Work out the number of lines that hold "longleftrightarrow" in the listing, and give that number with no other text.

——————————

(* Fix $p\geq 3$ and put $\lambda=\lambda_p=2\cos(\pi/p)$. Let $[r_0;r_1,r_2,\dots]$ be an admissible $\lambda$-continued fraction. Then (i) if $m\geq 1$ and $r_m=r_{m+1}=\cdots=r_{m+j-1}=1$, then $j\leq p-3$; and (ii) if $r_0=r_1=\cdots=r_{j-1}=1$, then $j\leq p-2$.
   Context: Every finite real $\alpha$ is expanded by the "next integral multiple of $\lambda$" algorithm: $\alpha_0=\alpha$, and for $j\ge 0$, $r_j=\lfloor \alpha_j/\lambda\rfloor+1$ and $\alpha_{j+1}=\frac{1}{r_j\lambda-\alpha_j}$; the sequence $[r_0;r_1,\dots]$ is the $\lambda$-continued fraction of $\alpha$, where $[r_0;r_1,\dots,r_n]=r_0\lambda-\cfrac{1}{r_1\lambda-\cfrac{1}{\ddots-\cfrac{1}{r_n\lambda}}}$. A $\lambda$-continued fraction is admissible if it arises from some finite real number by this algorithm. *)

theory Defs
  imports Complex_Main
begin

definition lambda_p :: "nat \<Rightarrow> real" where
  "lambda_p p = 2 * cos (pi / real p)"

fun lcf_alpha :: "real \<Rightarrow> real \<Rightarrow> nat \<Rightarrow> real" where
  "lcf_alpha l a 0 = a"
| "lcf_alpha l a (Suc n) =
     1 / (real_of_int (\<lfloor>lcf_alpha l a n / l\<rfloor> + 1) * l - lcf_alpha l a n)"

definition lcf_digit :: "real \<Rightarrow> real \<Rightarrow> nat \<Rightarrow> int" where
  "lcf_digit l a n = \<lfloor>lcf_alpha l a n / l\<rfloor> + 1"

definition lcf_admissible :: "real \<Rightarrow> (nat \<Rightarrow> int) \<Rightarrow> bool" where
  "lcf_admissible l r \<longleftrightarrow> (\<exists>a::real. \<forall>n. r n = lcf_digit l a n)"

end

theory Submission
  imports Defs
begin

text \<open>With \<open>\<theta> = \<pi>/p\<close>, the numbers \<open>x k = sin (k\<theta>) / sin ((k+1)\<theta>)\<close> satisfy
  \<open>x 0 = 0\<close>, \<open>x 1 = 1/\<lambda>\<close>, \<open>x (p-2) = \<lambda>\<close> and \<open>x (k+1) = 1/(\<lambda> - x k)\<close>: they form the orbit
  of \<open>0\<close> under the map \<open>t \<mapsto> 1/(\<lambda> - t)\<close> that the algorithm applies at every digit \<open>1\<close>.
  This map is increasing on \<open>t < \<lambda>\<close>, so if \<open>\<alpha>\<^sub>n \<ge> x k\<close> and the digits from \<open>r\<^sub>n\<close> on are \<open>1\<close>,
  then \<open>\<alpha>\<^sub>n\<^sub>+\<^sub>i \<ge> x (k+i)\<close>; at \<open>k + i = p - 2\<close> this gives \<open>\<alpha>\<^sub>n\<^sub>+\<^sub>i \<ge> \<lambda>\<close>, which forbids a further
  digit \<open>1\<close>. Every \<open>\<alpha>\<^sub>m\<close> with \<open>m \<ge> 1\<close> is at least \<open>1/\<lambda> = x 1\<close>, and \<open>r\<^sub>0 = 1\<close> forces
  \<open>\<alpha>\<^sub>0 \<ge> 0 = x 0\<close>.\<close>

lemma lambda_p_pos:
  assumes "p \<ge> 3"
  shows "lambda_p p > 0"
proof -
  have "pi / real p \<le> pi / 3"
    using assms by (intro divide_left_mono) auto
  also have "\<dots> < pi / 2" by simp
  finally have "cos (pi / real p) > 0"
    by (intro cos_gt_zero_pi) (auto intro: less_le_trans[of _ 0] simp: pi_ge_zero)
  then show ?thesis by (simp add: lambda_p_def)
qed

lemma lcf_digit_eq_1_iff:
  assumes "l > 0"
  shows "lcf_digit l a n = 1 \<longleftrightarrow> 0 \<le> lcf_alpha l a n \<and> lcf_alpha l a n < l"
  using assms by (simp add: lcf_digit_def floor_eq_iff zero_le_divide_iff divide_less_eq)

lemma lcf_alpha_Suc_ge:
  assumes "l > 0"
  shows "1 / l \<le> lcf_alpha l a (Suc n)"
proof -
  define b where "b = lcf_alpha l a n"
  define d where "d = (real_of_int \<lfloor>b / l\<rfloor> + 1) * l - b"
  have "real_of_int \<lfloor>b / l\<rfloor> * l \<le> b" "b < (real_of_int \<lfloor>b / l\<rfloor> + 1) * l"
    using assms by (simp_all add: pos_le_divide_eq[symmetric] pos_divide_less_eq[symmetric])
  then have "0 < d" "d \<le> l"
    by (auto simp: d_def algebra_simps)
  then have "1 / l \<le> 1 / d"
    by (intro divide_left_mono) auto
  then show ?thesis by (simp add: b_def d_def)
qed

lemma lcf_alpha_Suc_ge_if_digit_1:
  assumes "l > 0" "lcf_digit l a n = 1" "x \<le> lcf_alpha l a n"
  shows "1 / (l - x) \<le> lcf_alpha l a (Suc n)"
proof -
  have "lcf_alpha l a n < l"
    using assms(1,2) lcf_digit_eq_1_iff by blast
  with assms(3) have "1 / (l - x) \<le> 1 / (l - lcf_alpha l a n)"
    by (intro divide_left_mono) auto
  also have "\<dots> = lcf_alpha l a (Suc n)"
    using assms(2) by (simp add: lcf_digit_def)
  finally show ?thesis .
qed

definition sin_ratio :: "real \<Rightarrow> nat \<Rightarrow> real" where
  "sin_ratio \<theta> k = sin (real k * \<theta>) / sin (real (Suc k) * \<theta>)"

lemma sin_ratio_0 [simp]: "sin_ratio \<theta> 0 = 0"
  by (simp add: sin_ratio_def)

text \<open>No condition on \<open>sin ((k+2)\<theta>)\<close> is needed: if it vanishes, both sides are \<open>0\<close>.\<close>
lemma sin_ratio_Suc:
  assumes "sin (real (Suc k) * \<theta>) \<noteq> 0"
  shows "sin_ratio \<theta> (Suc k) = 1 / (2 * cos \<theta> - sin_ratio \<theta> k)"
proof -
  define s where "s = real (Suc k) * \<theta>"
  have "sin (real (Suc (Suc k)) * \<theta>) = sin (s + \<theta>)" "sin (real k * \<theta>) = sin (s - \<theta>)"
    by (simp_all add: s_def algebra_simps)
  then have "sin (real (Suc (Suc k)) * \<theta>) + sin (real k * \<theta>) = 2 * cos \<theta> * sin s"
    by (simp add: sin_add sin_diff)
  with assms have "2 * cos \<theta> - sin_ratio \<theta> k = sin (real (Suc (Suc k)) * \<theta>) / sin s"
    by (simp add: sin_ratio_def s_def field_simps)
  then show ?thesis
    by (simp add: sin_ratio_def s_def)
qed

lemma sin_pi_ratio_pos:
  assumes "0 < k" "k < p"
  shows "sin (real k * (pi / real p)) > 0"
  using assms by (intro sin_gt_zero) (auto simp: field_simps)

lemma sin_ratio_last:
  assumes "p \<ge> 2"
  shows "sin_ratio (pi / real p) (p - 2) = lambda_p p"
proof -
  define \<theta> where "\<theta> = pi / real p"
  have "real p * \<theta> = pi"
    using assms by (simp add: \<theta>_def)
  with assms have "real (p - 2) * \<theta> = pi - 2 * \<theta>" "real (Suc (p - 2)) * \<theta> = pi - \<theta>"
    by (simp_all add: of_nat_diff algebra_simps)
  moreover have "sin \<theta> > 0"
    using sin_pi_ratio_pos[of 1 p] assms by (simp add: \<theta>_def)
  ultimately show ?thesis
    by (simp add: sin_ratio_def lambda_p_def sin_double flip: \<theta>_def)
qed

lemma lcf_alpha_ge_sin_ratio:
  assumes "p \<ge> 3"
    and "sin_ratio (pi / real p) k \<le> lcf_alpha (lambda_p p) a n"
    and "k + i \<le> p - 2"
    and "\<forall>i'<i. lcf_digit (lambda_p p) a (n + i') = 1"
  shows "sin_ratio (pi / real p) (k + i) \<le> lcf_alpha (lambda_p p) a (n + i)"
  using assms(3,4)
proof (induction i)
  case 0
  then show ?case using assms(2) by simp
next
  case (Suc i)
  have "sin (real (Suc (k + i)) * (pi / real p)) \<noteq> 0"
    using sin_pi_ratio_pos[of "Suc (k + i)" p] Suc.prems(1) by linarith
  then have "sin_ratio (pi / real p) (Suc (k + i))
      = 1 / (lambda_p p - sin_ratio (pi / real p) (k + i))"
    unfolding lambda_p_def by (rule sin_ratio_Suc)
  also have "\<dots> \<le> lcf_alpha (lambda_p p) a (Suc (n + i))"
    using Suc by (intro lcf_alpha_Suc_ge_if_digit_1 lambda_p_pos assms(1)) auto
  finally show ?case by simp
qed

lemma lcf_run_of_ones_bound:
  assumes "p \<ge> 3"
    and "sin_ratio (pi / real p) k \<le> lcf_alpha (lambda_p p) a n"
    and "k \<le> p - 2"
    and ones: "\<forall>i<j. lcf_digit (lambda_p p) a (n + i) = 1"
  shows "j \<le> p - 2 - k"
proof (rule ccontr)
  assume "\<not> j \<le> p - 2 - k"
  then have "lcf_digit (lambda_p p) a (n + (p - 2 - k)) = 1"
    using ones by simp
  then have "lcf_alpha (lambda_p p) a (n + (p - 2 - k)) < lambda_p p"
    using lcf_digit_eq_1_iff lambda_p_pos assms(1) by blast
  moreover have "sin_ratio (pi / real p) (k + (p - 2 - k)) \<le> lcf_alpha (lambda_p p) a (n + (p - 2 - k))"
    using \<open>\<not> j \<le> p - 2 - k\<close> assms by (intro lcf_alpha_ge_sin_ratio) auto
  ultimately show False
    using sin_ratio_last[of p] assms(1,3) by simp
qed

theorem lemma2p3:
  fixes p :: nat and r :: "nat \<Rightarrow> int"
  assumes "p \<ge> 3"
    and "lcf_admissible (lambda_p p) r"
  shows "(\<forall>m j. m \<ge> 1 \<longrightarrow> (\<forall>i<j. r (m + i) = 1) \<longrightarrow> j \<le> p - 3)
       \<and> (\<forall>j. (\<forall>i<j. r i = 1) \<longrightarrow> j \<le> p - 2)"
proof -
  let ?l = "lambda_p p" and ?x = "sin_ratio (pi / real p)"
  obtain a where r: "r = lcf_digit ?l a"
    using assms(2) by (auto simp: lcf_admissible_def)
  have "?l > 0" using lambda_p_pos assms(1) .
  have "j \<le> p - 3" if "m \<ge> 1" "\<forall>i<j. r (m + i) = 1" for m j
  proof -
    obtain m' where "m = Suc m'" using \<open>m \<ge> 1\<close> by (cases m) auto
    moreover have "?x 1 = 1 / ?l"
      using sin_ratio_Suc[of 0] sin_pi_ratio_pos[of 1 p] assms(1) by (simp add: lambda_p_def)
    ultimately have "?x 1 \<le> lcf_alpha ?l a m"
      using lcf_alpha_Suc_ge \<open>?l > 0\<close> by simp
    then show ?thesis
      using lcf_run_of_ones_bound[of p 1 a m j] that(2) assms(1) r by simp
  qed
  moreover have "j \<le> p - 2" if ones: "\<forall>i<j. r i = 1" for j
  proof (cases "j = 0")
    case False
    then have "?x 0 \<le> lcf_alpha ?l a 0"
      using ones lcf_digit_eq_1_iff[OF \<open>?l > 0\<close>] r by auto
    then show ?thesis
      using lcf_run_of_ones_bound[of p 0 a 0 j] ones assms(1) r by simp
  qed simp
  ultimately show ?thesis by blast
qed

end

——————————

**Written answer:**
2